Vamos a questões: se já era política e moralmente questionável os portugueses verem governar os mesmos ministros que (1) faliram o país e (2) eram chefiados por um primeiro-ministro hoje acusado de corrupção, até que ponto é saudável o atual Governo decidir o futuro da Procuradora-Geral da República que acusou José Sócrates?
A pergunta será prontamente acusada de «politizar a justiça» e a resposta desta coluna é muito simples: quem criminalizou a política é que politizou – e continua a politizar – a justiça.
Para a ministra dessa pasta, Francisca van Dunem, a Constituição prevê «um mandato longo e um mandato único» para a PGR, apesar de nenhum constitucionalista subscrever esta teoria – à exceção de um jurista chamado António Costa. Não há nada na Constituição que impeça a renovação de mandato de Joana Marques Vidal, como aliás notou depois o insuspeitíssimo Carlos César, e a antecipação deste debate é desnecessária, como a reação de Marcelo Rebelo de Sousa deu a entender. Afinal, a nomeação é da responsabilidade do Presidente e não fica nada bem a este Governo excluir a possibilidade de renomeação de Joana Marques Vidal.

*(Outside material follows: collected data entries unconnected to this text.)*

lemma W2_integrable_norm:
  assumes "\<mu> \<in> W2"
  shows "integrable \<mu> norm"
proof -
  interpret prob_space \<mu> using assms by (simp add: W2_iff)
  show ?thesis
  proof (rule Bochner_Integration.integrable_bound)
    show "integrable \<mu> (\<lambda>x. 1 + (norm x)\<^sup>2)" using assms by (simp add: W2_iff)
    show "norm \<in> borel_measurable \<mu>"
      using assms by (simp add: W2_measurable borel_measurable_continuous_onI continuous_on_norm_id)
    show "AE x in \<mu>. norm (norm x) \<le> norm (1 + (norm x)\<^sup>2)"
    proof (rule AE_I2)
      fix x :: 'a
      have "2 * norm x \<le> 1 + (norm x)\<^sup>2"
        using zero_le_power2[of "norm x - 1"] unfolding power2_diff by simp
      then have "norm x \<le> 1 + (norm x)\<^sup>2"
        using norm_ge_zero[of x] by linarith
      then show "norm (norm x) \<le> norm (1 + (norm x)\<^sup>2)" by simp
    qed
  qed
qed

lemma distr_in_W2:
  fixes f :: "'a::real_normed_vector \<Rightarrow> 'b::real_normed_vector"
  assumes \<mu>: "\<mu> \<in> W2" and f: "f \<in> borel_measurable borel"
    and bound: "\<And>x. norm (f x) \<le> norm x + C"
  shows "distr \<mu> borel f \<in> W2"
proof -
  interpret prob_space \<mu> using \<mu> by (simp add: W2_iff)
  have f_meas: "f \<in> borel_measurable \<mu>" using \<mu> f by (simp add: W2_measurable)
  have "integrable \<mu> (\<lambda>x. (norm (f x))\<^sup>2)"
  proof (rule Bochner_Integration.integrable_bound)
    show "integrable \<mu> (\<lambda>x. 2 * (norm x)\<^sup>2 + 2 * C\<^sup>2)" using \<mu> by (simp add: W2_iff)
    show "(\<lambda>x. (norm (f x))\<^sup>2) \<in> borel_measurable \<mu>" using f_meas by measurable
    show "AE x in \<mu>. norm ((norm (f x))\<^sup>2) \<le> norm (2 * (norm x)\<^sup>2 + 2 * C\<^sup>2)"
    proof (rule AE_I2)
      fix x
      have "(norm (f x))\<^sup>2 \<le> (norm x + C)\<^sup>2" by (rule power_mono[OF bound norm_ge_zero])
      also have "\<dots> \<le> 2 * (norm x)\<^sup>2 + 2 * C\<^sup>2" by (rule square_sum_le)
      finally show "norm ((norm (f x))\<^sup>2) \<le> norm (2 * (norm x)\<^sup>2 + 2 * C\<^sup>2)" by simp
    qed
  qed
  then show ?thesis
    using \<mu> f_meas by (simp add: W2_iff prob_space_distr integrable_distr_eq)
qed

lemma W2_integral_centred:
  fixes T :: "'a::{real_inner, complete_space} \<Rightarrow> real"
  assumes "bounded_linear T" and "\<mu> \<in> W2"
  shows "integrable \<mu> (\<lambda>x. T (x - barycenter \<mu>))"
    and "(\<integral>x. T (x - barycenter \<mu>) \<partial>\<mu>) = 0"
  using integral_bounded_linear_centred[OF assms(1)] W2_integrable_norm[OF assms(2)] assms(2)
  by (auto simp: W2_iff)

lemma couplings_measurable: "\<pi> \<in> couplings \<mu> \<nu> \<Longrightarrow> measurable \<pi> = measurable borel"
  by (intro ext measurable_cong_sets) (auto simp: couplings_def)

lemma
  fixes f :: "'a::topological_space \<Rightarrow> real"
  assumes \<pi>: "\<pi> \<in> couplings \<mu> \<nu>" and f: "f \<in> borel_measurable borel"
  shows coupling_integrable_fst: "integrable \<mu> f \<Longrightarrow> integrable \<pi> (\<lambda>p. f (fst p))"
    and coupling_integral_fst: "(\<integral>p. f (fst p) \<partial>\<pi>) = (\<integral>x. f x \<partial>\<mu>)"
    and coupling_integrable_snd: "integrable \<nu> f \<Longrightarrow> integrable \<pi> (\<lambda>p. f (snd p))"
    and coupling_integral_snd: "(\<integral>p. f (snd p) \<partial>\<pi>) = (\<integral>x. f x \<partial>\<nu>)"
proof -
  have fst: "fst \<in> borel_measurable \<pi>" and snd: "snd \<in> borel_measurable \<pi>"
    using \<pi> by (simp_all add: couplings_measurable borel_measurable_continuous_onI
        continuous_on_fst continuous_on_snd)
  have marginals: "distr \<pi> borel fst = \<mu>" "distr \<pi> borel snd = \<nu>"
    using \<pi> by (simp_all add: couplings_def)
  show "integrable \<mu> f \<Longrightarrow> integrable \<pi> (\<lambda>p. f (fst p))"
    using integrable_distr_eq[OF fst f] marginals by simp
  show "(\<integral>p. f (fst p) \<partial>\<pi>) = (\<integral>x. f x \<partial>\<mu>)"
    using integral_distr[OF fst f] marginals by simp
  show "integrable \<nu> f \<Longrightarrow> integrable \<pi> (\<lambda>p. f (snd p))"
    using integrable_distr_eq[OF snd f] marginals by simp
  show "(\<integral>p. f (snd p) \<partial>\<pi>) = (\<integral>x. f x \<partial>\<nu>)"
    using integral_distr[OF snd f] marginals by simp
qed

lemma couplings_distr_pair:
  fixes f g :: "'a::topological_space \<Rightarrow> 'b::topological_space"
  assumes \<pi>: "\<pi> \<in> couplings \<mu> \<nu>" and f: "continuous_on UNIV f" and g: "continuous_on UNIV g"
  shows "distr \<pi> borel (\<lambda>p. (f (fst p), g (snd p))) \<in> couplings (distr \<mu> borel f) (distr \<nu> borel g)"
proof -
  let ?h = "\<lambda>p. (f (fst p), g (snd p))"
  have "continuous_on UNIV ?h"
    by (intro continuous_on_Pair continuous_on_compose2[OF f] continuous_on_compose2[OF g]
        continuous_intros) auto
  then have h: "?h \<in> borel_measurable borel"
    by (rule borel_measurable_continuous_onI)
  have "fst \<in> borel_measurable (borel :: ('a \<times> 'a) measure)"
    and "snd \<in> borel_measurable (borel :: ('a \<times> 'a) measure)"
    and "fst \<in> borel_measurable (borel :: ('b \<times> 'b) measure)"
    and "snd \<in> borel_measurable (borel :: ('b \<times> 'b) measure)"
    and "f \<in> borel_measurable borel" and "g \<in> borel_measurable borel"
    using f g by (simp_all add: borel_measurable_continuous_onI continuous_on_fst continuous_on_snd)
  with h have "distr (distr \<pi> borel ?h) borel fst = distr (distr \<pi> borel fst) borel f"
    and "distr (distr \<pi> borel ?h) borel snd = distr (distr \<pi> borel snd) borel g"
    by (simp_all add: couplings_measurable[OF \<pi>] distr_distr comp_def)
  then show ?thesis
    using \<pi> h by (auto simp: couplings_def couplings_measurable[OF \<pi>] prob_space.prob_space_distr)
qed

lemma coupling_integral_centred:
  fixes T :: "'a::{real_inner, complete_space} \<Rightarrow> real"
  assumes T: "bounded_linear T" and \<pi>: "\<pi> \<in> couplings \<mu> \<nu>"
    and \<mu>: "\<mu> \<in> W2" and \<nu>: "\<nu> \<in> W2"
  shows "integrable \<pi> (\<lambda>p. T ((fst p - barycenter \<mu>) - (snd p - barycenter \<nu>)))"
    and "(\<integral>p. T ((fst p - barycenter \<mu>) - (snd p - barycenter \<nu>)) \<partial>\<pi>) = 0"
proof -
  interpret T: bounded_linear T by (fact T)
  have meas: "(\<lambda>x. T (x - c)) \<in> borel_measurable borel" for c
    by (intro borel_measurable_continuous_onI T.continuous_on continuous_intros)
  note fst = coupling_integrable_fst[OF \<pi> meas] coupling_integral_fst[OF \<pi> meas]
  note snd = coupling_integrable_snd[OF \<pi> meas] coupling_integral_snd[OF \<pi> meas]
  show "integrable \<pi> (\<lambda>p. T ((fst p - barycenter \<mu>) - (snd p - barycenter \<nu>)))"
    using fst(1) snd(1) W2_integral_centred(1)[OF T \<mu>] W2_integral_centred(1)[OF T \<nu>] by (simp add: T.diff)
  show "(\<integral>p. T ((fst p - barycenter \<mu>) - (snd p - barycenter \<nu>)) \<partial>\<pi>) = 0"
    using fst snd W2_integral_centred[OF T \<mu>] W2_integral_centred[OF T \<nu>] by (simp add: T.diff)
qed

Aconteça o que acontecer, há algo que fará sentido, tanto para o Palácio de Belém como para a justiça em Portugal. O nome proposto ao Presidente deve ter aval dos dois maiores partidos parlamentares. Não apenas para proteger o PS de si próprio – e do seu seu passado –, como para impedir qualquer força política de se declarar «perseguida» pelo Ministério Público no futuro, se excluída da escolha da PGR.

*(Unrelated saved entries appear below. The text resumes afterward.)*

(* Let $G$ be a graph with $n$ vertices, and let $A$ be the set of paths of length $2$ in $G$ that are not contained in any cycle of length at least $4$ in $G$. Then \[\sum_{xyz\in A}\frac1{\deg y}<\frac{3n}2,\] where the sum is over unlabeled paths (each path $xyz=zyx$ counted once) and $\deg y$ is the degree in $G$ of the middle vertex $y$. *)

theory Defs
  imports Complex_Main
begin

definition simple_graph :: "'a set \<Rightarrow> ('a \<Rightarrow> 'a \<Rightarrow> bool) \<Rightarrow> bool" where
  "simple_graph V E \<longleftrightarrow> finite V \<and> (\<forall>x y. E x y \<longrightarrow> x \<in> V \<and> y \<in> V)
     \<and> (\<forall>x y. E x y \<longrightarrow> E y x) \<and> (\<forall>x. \<not> E x x)"

definition degree :: "'a set \<Rightarrow> ('a \<Rightarrow> 'a \<Rightarrow> bool) \<Rightarrow> 'a \<Rightarrow> nat" where
  "degree V E y = card {w \<in> V. E y w}"

definition is_cycle :: "'a set \<Rightarrow> ('a \<Rightarrow> 'a \<Rightarrow> bool) \<Rightarrow> 'a list \<Rightarrow> bool" where
  "is_cycle V E vs \<longleftrightarrow> length vs \<ge> 3 \<and> distinct vs \<and> set vs \<subseteq> V
     \<and> (\<forall>i < length vs. E (vs ! i) (vs ! ((i + 1) mod length vs)))"

definition path_in_cycle :: "'a \<Rightarrow> 'a \<Rightarrow> 'a \<Rightarrow> 'a list \<Rightarrow> bool" where
  "path_in_cycle x y z vs \<longleftrightarrow> (\<exists>i < length vs. vs ! i = x
     \<and> vs ! ((i + 1) mod length vs) = y \<and> vs ! ((i + 2) mod length vs) = z)"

Não deixa, por outro lado, de ser peculiar que a primeira personalidade pública a colocar em causa a continuidade de Joana Marques Vidal tenha sido Rui Rio, no debate televisivo com Pedro Santana Lopes em que avaliou negativamente a atuação recente do MP e recusou falar sobre a possibilidade de renomeação de Marques Vidal.
A questão fundamental, porém, não é essa.

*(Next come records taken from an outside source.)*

lemma gauss_density_reflection:
  assumes "norm u = 1" "u \<bullet> v = 0 \<or> u = v"
  shows "gauss_density covariance (reflection u x) = gauss_density covariance x"
  using inner_reflection_sq[OF assms, of x] inner_reflection_reflection[OF assms(1), of x x]
  by (simp add: gauss_density_covariance[of "reflection u x"] gauss_density_covariance[of x])

sublocale R: quadratic_regression "gauss_density covariance" "\<bar>gauss_density covariance 0\<bar>"
  "(1 - lam / (1 + lam)) / 2" wstar \<sigma>
proof
  define \<kappa> where "\<kappa> = lam / (1 + lam)"
  have \<kappa>: "0 \<le> \<kappa>" "\<kappa> < 1" using lam_pos by (auto simp: \<kappa>_def field_simps)
  show "gauss_density covariance \<in> borel_measurable borel"
    by (subst gauss_density_covariance[abs_def]) measurable
  show "(1 - lam / (1 + lam)) / 2 > 0" using \<kappa> by (simp add: \<kappa>_def)
  fix x :: "real^'n"
  have "(v \<bullet> x)\<^sup>2 \<le> x \<bullet> x" using Cauchy_Schwarz_ineq[of v x] by simp
  then have "- (x \<bullet> x - \<kappa> * (v \<bullet> x)\<^sup>2) / 2 \<le> - ((1 - \<kappa>) / 2) * (x \<bullet> x)"
    using mult_left_mono[of "(v \<bullet> x)\<^sup>2" "x \<bullet> x" \<kappa>] \<kappa> by (simp add: field_simps)
  then show "gauss_density covariance x \<le>
      \<bar>gauss_density covariance 0\<bar> * exp (- ((1 - lam / (1 + lam)) / 2) * (x \<bullet> x))"
    unfolding gauss_density_covariance[of x] \<kappa>_def[symmetric]
    by (intro mult_mono) auto
qed

lemma pop_loss_eq_risk: "pop_loss covariance wstar \<sigma> W = R.risk (W ** transpose W)"
  by (simp add: pop_loss_def R.risk_def R.residual_def data_measure_eq_joint_measure sum_column_inner_sq)

lemma grad_pop_loss: "grad (pop_loss covariance wstar \<sigma>) W = 2 *\<^sub>R (R.risk_grad (W ** transpose W) ** W)"
  unfolding pop_loss_eq_risk[abs_def] by (rule R.grad_risk_mult_transpose)

lemma risk_grad_diag3:
  obtains \<alpha> \<beta> \<gamma> where "R.risk_grad (diag3 a b c) = diag3 \<alpha> \<beta> \<gamma>"
proof -
  let ?G = "R.risk_grad (diag3 a b c)"
  have eigen: "?G *v u = (u \<bullet> (?G *v u)) *\<^sub>R u"
    if u: "norm u = 1" and uw: "u \<bullet> wstar = 0 \<or> u = wstar" and uv: "u \<bullet> v = 0 \<or> u = v" for u
  proof (rule R.risk_grad_eigenvector_reflection[OF u gauss_density_reflection[OF u uv]])
    show "(reflection u x \<bullet> wstar)\<^sup>2 = (x \<bullet> wstar)\<^sup>2" for x
      using inner_reflection_sq[OF u uw] by (simp add: inner_commute)
    show "quad_form (diag3 a b c) (reflection u x) = quad_form (diag3 a b c) x" for x
      by (simp only: quad_form_diag3 inner_reflection_sq[OF u uw] inner_reflection_sq[OF u uv]
          inner_reflection_reflection[OF u])
  qed
  have Gw: "?G *v wstar = (wstar \<bullet> (?G *v wstar)) *\<^sub>R wstar" by (rule eigen) (simp_all add: norm_w)
  have Gv: "?G *v v = (v \<bullet> (?G *v v)) *\<^sub>R v" by (rule eigen) (simp_all add: norm_v)
  have "\<exists>c. ?G *v p = c *\<^sub>R p" if p: "wstar \<bullet> p = 0" "v \<bullet> p = 0" for p
  proof (cases "p = 0")
    case False
    define u where "u = p /\<^sub>R norm p"
    have "norm u = 1" "u \<bullet> wstar = 0" "u \<bullet> v = 0"
      using False p by (simp_all add: u_def inner_commute)
    then have Gu: "?G *v u = (u \<bullet> (?G *v u)) *\<^sub>R u" by (intro eigen) simp_all
    have p_eq: "p = norm p *\<^sub>R u" using False by (simp add: u_def)
    have "?G *v p = norm p *\<^sub>R (?G *v u)"
      by (subst (1) p_eq) (simp add: matrix_scaleR_vector_ac scaleR_matrix_vector_assoc)
    also have "\<dots> = (u \<bullet> (?G *v u)) *\<^sub>R (norm p *\<^sub>R u)" by (subst Gu) simp
    also have "\<dots> = (u \<bullet> (?G *v u)) *\<^sub>R p" by (simp only: p_eq[symmetric])
    finally show ?thesis by blast
  qed simp
  then obtain \<gamma> where "?G = diag3 (wstar \<bullet> (?G *v wstar)) (v \<bullet> (?G *v v)) \<gamma>"
    by (rule diag3_of_eigenvectors[OF R.transpose_risk_grad Gw Gv])
  then show ?thesis by (rule that)
qed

No debate parlamentar em que o PSD confrontou Costa com as considerações de Van Dunem – para mim, o primeiro debate que Hugo Soares ganhou claramente a Costa –, o primeiro-ministro disse: «É difícil encontrar alguém que ao longo de toda a sua vida mais escrupulosamente tenha respeitado a autonomia do Ministério Público do que eu próprio». E eu a isto tenho a relembrar o seguinte: estávamos em 2003, em pleno escândalo Casa Pia, e Costa, então líder parlamentar, dizia a Paulo Pedroso «já fiz o contacto» e Pedroso, também em escuta, confirmava que «o procurador-geral disse ao António que achava que já tinha ido tudo para o TIC».
Talvez o primeiro-ministro deseje, então, rever as suas palavras, na medida em que não é assim tão «difícil encontrar alguém que ao longo de toda a sua vida mais escrupulosamente tenha respeitado a autonomia do Ministério Público».